Berita Bekasi Nomor Satu

Dewan Rochadi Gelar Kegiatan Pengawasan di Pebayuran, Ajak Masyarakat Awasi Pembangunan Jalan Cikarang-Cibarusah

PENGAWASAN: Anggota DPRD Provinsi Jawa Barat, Muhamad Rochadi, saat menggelar kegiatan pengawasan di kantor Desa Karangreja, Kecamatan Pebayuran, Senin (18/5). FOTO: ISTIMEWA

RADARBEKASI.ID, BEKASI – Anggota DPRD Provinsi Jawa Barat, Muhamad Rochadi, menggelar kegiatan pengawasan di Kantor Desa Karangreja, Kecamatan Pebayuran, Senin (18/5).

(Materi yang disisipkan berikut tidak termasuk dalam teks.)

lemma bcomp_bhom:
  assumes F: "F \<in> bhom d m n" and G: "G \<in> bhom d n k" and k: "wf_bicomod C d k"
  shows "bcomp m k F G \<in> bhom d m k"
proof -
  have F': "(fst F, snd F) \<in> bhom d m n" and G': "(fst G, snd G) \<in> bhom d n k"
    using F G by simp_all
  note FD = bhomD[OF F'] and GD = bhomD[OF G']
  show ?thesis
    unfolding bcomp_def
  proof (rule bhomI)
    fix i assume i: "i \<in> bpos m"
    have "copresheaf d (bdir k (fst G (fst F i))) (bob k (fst G (fst F i))) (bact k (fst G (fst F i)))"
      using k GD(1) FD(1) i by (auto simp: wf_bicomod_def)
    then show "cmor d (bdir k ((\<lambda>i\<in>bpos m. fst G (fst F i)) i))
        (bob k ((\<lambda>i\<in>bpos m. fst G (fst F i)) i)) (bact k ((\<lambda>i\<in>bpos m. fst G (fst F i)) i))
        (bdir m i) (bob m i) (bact m i)
        ((\<lambda>i\<in>bpos m. \<lambda>x\<in>bdir k (fst G (fst F i)). snd F i (snd G (fst F i) x)) i)"
      using i cmor_comp[OF GD(5)[OF FD(1)[OF i]] FD(5)[OF i]] by simp
  qed (use FD GD in auto)
qed

lemma tensor_simps [simp]:
  "bpos (tensor p q) = {(i,j). i \<in> bpos p \<and> j \<in> bpos q \<and> blab p i = blab q j}"
  "blab (tensor p q) (i,j) = blab p i"
  "bdir (tensor p q) (i,j) = {(x,y). x \<in> bdir p i \<and> y \<in> bdir q j \<and> bob p i x = bob q j y}"
  "bob (tensor p q) (i,j) = (\<lambda>(x,y). bob p i x)"
  "bact (tensor p q) (i,j) = (\<lambda>f (x,y). (bact p i f x, bact q j f y))"
  by (simp_all add: tensor_def)

lemma ihom_simps [simp]:
  "(a,\<phi>) \<in> bpos (ihom C d q r) \<longleftrightarrow> a \<in> C \<and> \<phi> \<in> bhom d (summand q a) (summand r a)"
  "blab (ihom C d q r) (a,\<phi>) = a"
  "bdir (ihom C d q r) (a,(g,h)) = Sigma {j \<in> bpos q. blab q j = a} (\<lambda>j. bdir r (g j))"
  "bob (ihom C d q r) (a,(g,h)) = (\<lambda>(j,y). bob r (g j) y)"
  "bact (ihom C d q r) (a,(g,h)) = (\<lambda>f (j,y). (j, bact r (g j) f y))"
  by (auto simp: ihom_def qrmaps_eq_bhom)

lemma wf_tensor:
  assumes "wf_bicomod C d p" "wf_bicomod C d q"
  shows "wf_bicomod C d (tensor p q)"
  using assms unfolding wf_bicomod_def tensor_def copresheaf_def
  by (auto simp: image_subset_iff) (metis+)

lemma wf_ihom:
  assumes "wf_bicomod C d r"
  shows "wf_bicomod C d (ihom C d q r)"
  using assms unfolding wf_bicomod_def ihom_def copresheaf_def qrmaps_def
  by (auto simp: image_subset_iff PiE_def Pi_def)

lemma ihom_map_at:
  assumes r': "wf_bicomod C d r'"
    and A: "A \<in> bhom d q' q" and B: "B \<in> bhom d r r'" and x: "(a,(g,h)) \<in> bpos (ihom C d q r)"
  obtains g' h' where
    "fst (ihom_map C d q r q' r' A B) (a,(g,h)) = (a,(g',h'))"
    "(a,(g',h')) \<in> bpos (ihom C d q' r')"
    "\<And>j. j \<in> bpos q' \<Longrightarrow> blab q' j = a \<Longrightarrow> g' j = fst B (g (fst A j))"
    "\<And>j y. j \<in> bpos q' \<Longrightarrow> blab q' j = a \<Longrightarrow> y \<in> bdir r' (g' j) \<Longrightarrow>
       h' j y = snd A j (h (fst A j) (snd B (g (fst A j)) y))"
    "snd (ihom_map C d q r q' r' A B) (a,(g,h)) =
       (\<lambda>(j,y)\<in>Sigma {j \<in> bpos q'. blab q' j = a} (\<lambda>j. bdir r' (g' j)).
          (fst A j, snd B (g (fst A j)) y))"
proof -
  obtain a1 a2 b1 b2 where AB: "A = (a1,a2)" "B = (b1,b2)" by fastforce
  note AD = bhomD[OF A[unfolded AB(1)]] and BD = bhomD[OF B[unfolded AB(2)]]
  have a: "a \<in> C" and gh: "(g,h) \<in> bhom d (summand q a) (summand r a)"
    using x by simp_all
  note GD = bhom_summandD[OF gh]
  have j: "a1 j \<in> bpos q" "blab q (a1 j) = a" "g (a1 j) \<in> bpos r" "b1 (g (a1 j)) \<in> bpos r'"
    "blab r' (b1 (g (a1 j))) = a"
    if "j \<in> bpos q'" "blab q' j = a" for j
    using that AD(1,3) GD(1,2) BD(1,3) by auto
  define g' where "g' = (\<lambda>j\<in>{j \<in> bpos q'. blab q' j = a}. b1 (g (a1 j)))"
  define h' where "h' = (\<lambda>j\<in>{j \<in> bpos q'. blab q' j = a}. \<lambda>y\<in>bdir r' (b1 (g (a1 j))).
    a2 j (h (a1 j) (b2 (g (a1 j)) y)))"
  have "cmor d (bdir r' (b1 (g (a1 j)))) (bob r' (b1 (g (a1 j)))) (bact r' (b1 (g (a1 j))))
      (bdir q' j) (bob q' j) (bact q' j)
      (\<lambda>y\<in>bdir r' (b1 (g (a1 j))). a2 j (h (a1 j) (b2 (g (a1 j)) y)))"
    if j': "j \<in> bpos q'" "blab q' j = a" for j
  proof -
    note jj = j[OF j']
    have "cmor d (bdir r' (b1 (g (a1 j)))) (bob r' (b1 (g (a1 j)))) (bact r' (b1 (g (a1 j))))
        (bdir q (a1 j)) (bob q (a1 j)) (bact q (a1 j))
        (\<lambda>y\<in>bdir r' (b1 (g (a1 j))). h (a1 j) (b2 (g (a1 j)) y))"
      using cmor_comp[OF BD(5)[OF jj(3)] GD(3)[OF jj(1,2)] wf_bicomod_copresheaf[OF r' jj(4)]] .
    from cmor_comp[OF this AD(5)[OF j'(1)] wf_bicomod_copresheaf[OF r' jj(4)]]
    show ?thesis by (simp cong: restrict_cong)
  qed
  then have "(g',h') \<in> bhom d (summand q' a) (summand r' a)"
    unfolding g'_def h'_def by (intro bhomI) (auto simp: j)
  then show ?thesis
    by (intro that[of g' h']) (use x a in \<open>auto simp: ihom_map_def Let_def AB g'_def h'_def\<close>)
qed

Dalam kegiatan tersebut, pria yang akrab disapa Adi itu meminta masyarakat ikut mengawasi proses pembangunan Jalan Cikarang-Cibarusah yang saat ini tengah berlangsung.

Sebagai anggota Komisi III DPRD Jawa Barat, Adi juga menyampaikan permohonan maaf kepada masyarakat dan pengguna jalan yang aktivitas perjalanannya terganggu akibat proyek pembangunan tersebut.

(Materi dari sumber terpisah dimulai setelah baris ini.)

lemma window_bags_cover:
  assumes "finite S" "S \<noteq> {}" "S \<subseteq> U" "\<forall>u\<in>U. f u < n"
    and "\<forall>u\<in>S. \<forall>u'\<in>S. f u \<le> f u' + k"
  shows "\<exists>i<n. S \<subseteq> window_bags f U k n ! i"
proof -
  obtain u0 where u0: "u0 \<in> S" "f u0 = Min (f ` S)"
    using assms(1,2) by (metis (no_types, lifting) Min_in finite_imageI image_iff image_is_empty)
  have "\<forall>u\<in>S. f u0 \<le> f u" using u0 assms(1) by simp
  moreover have "f u0 < n" using u0 assms(3,4) by blast
  ultimately show ?thesis
    using assms(3,5) u0(1) by (intro exI[of _ "f u0"]) (auto simp del: u0(2))
qed

lemma Union_window_bags:
  assumes "\<forall>u\<in>U. f u < n"
  shows "\<Union> (set (window_bags f U k n)) = U"
  using assms by (force simp: window_bags_def)

section \<open>Breadth-first exploration avoiding label conflicts\<close>

fun explored_edges :: "'e set \<Rightarrow> ('e \<Rightarrow> 'v set) \<Rightarrow> ('e \<Rightarrow> 's set) \<Rightarrow> 'v \<Rightarrow> nat \<Rightarrow> nat \<Rightarrow> 'e set"
  where
    "explored_edges E ends w v \<beta> 0 = {}"
  | "explored_edges E ends w v \<beta> (Suc r) = explored_edges E ends w v \<beta> r \<union>
       {e\<in>E. ends e \<inter> insert v (\<Union> (ends ` explored_edges E ends w v \<beta> r)) \<noteq> {} \<and>
             (\<forall>e'\<in>explored_edges E ends w v \<beta> (r - \<beta>). w e \<inter> w e' = {})}"

locale conflict_bfs =
  fixes V :: "'v set" and E :: "'e set" and ends :: "'e \<Rightarrow> 'v set"
    and \<Sigma> :: "'s set" and w :: "'e \<Rightarrow> 's set" and \<gamma> :: nat and v :: 'v and \<beta> :: nat
  assumes multigraph: "multigraph V E ends"
    and root: "v \<in> V"
    and min_degree: "\<forall>u\<in>V. degree E ends u \<ge> 3"
    and labels: "\<forall>e\<in>E. w e \<subseteq> \<Sigma> \<and> finite (w e) \<and> card (w e) \<le> \<gamma>"
    and label_load: "\<forall>x\<in>\<Sigma>. card {e\<in>E. x \<in> w e} \<le> \<gamma>"
    and delay: "4 * real \<gamma> ^ 2 \<le> (3/2) ^ \<beta>"
begin

lemma finite_V: "finite V" and finite_E: "finite E"
  and ends_subset: "e \<in> E \<Longrightarrow> ends e \<subseteq> V" and card_ends: "e \<in> E \<Longrightarrow> card (ends e) = 2"
  using multigraph unfolding multigraph_def by auto

lemma finite_ends: "e \<in> E \<Longrightarrow> finite (ends e)"
  using card_ends card.infinite by fastforce

abbreviation explored :: "nat \<Rightarrow> 'e set" where
  "explored \<equiv> explored_edges E ends w v \<beta>"

definition reached :: "nat \<Rightarrow> 'v set" where
  "reached r = insert v (\<Union> (ends ` explored r))"

definition blocked :: "nat \<Rightarrow> 'e set" where
  "blocked r = {e\<in>E. \<exists>e'\<in>explored (r - \<beta>). w e \<inter> w e' \<noteq> {}}"

lemma explored_Suc:
  "explored (Suc r) = explored r \<union> {e\<in>E. ends e \<inter> reached r \<noteq> {} \<and> e \<notin> blocked r}"
  unfolding reached_def blocked_def by auto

“Saya menyampaikan, hari ini Pemerintah Jawa Barat sedang melakukan pembangunan di Jalan Cikarang-Cibarusah, minta bantu pengawasannya, minta bantu perhatiannya, mohon maaf terganggu perjalanannya,” ujarnya usai menggelar kegiatan pengawasan.

Ketua DPC Partai Kebangkitan Bangsa (PKB) Kabupaten Bekasi itu mengaku belum dapat menjelaskan secara rinci panjang ruas jalan yang sedang dibangun karena data final masih dalam proses.

“Kalau berapa kilonya saya belum final datanya, tapi yang jelas sedang dilakukan pembangunan jalan Cikarang-Cibarusah oleh Pemerintah Provinsi Jawa Barat,” ungkapnya.

Selain membahas pembangunan jalan, Adi juga menerima sejumlah aspirasi dari pemerintah desa terkait perbaikan infrastruktur dan normalisasi saluran irigasi pertanian.

Menurutnya, sektor irigasi menjadi perhatian penting karena Kecamatan Pebayuran merupakan salah satu lumbung pangan di Kabupaten Bekasi.

“Pak Lurah menyampaikan bahwa minta apresiasi perbaikan jalan di Karang Reja, dan normalisasi sungai untuk irigasi, karena wilayah Pebayuran memang luar biasa menjadi salah satu lumbung pangan kita di Kabupaten Bekasi,” ujarnya.

Adi menyebut, luas lahan pertanian di Desa Karangreja masih mencapai sekitar 520 hektare sehingga perlu dijaga keberlangsungannya.

“Di Desa Karangreja saja untuk wilayah pertanian masih 520 hektar. Jadi harus sama-sama kita jaga, sama-sama kita lestarikan lumbung pangan kita,” ucapnya. (adv/pra)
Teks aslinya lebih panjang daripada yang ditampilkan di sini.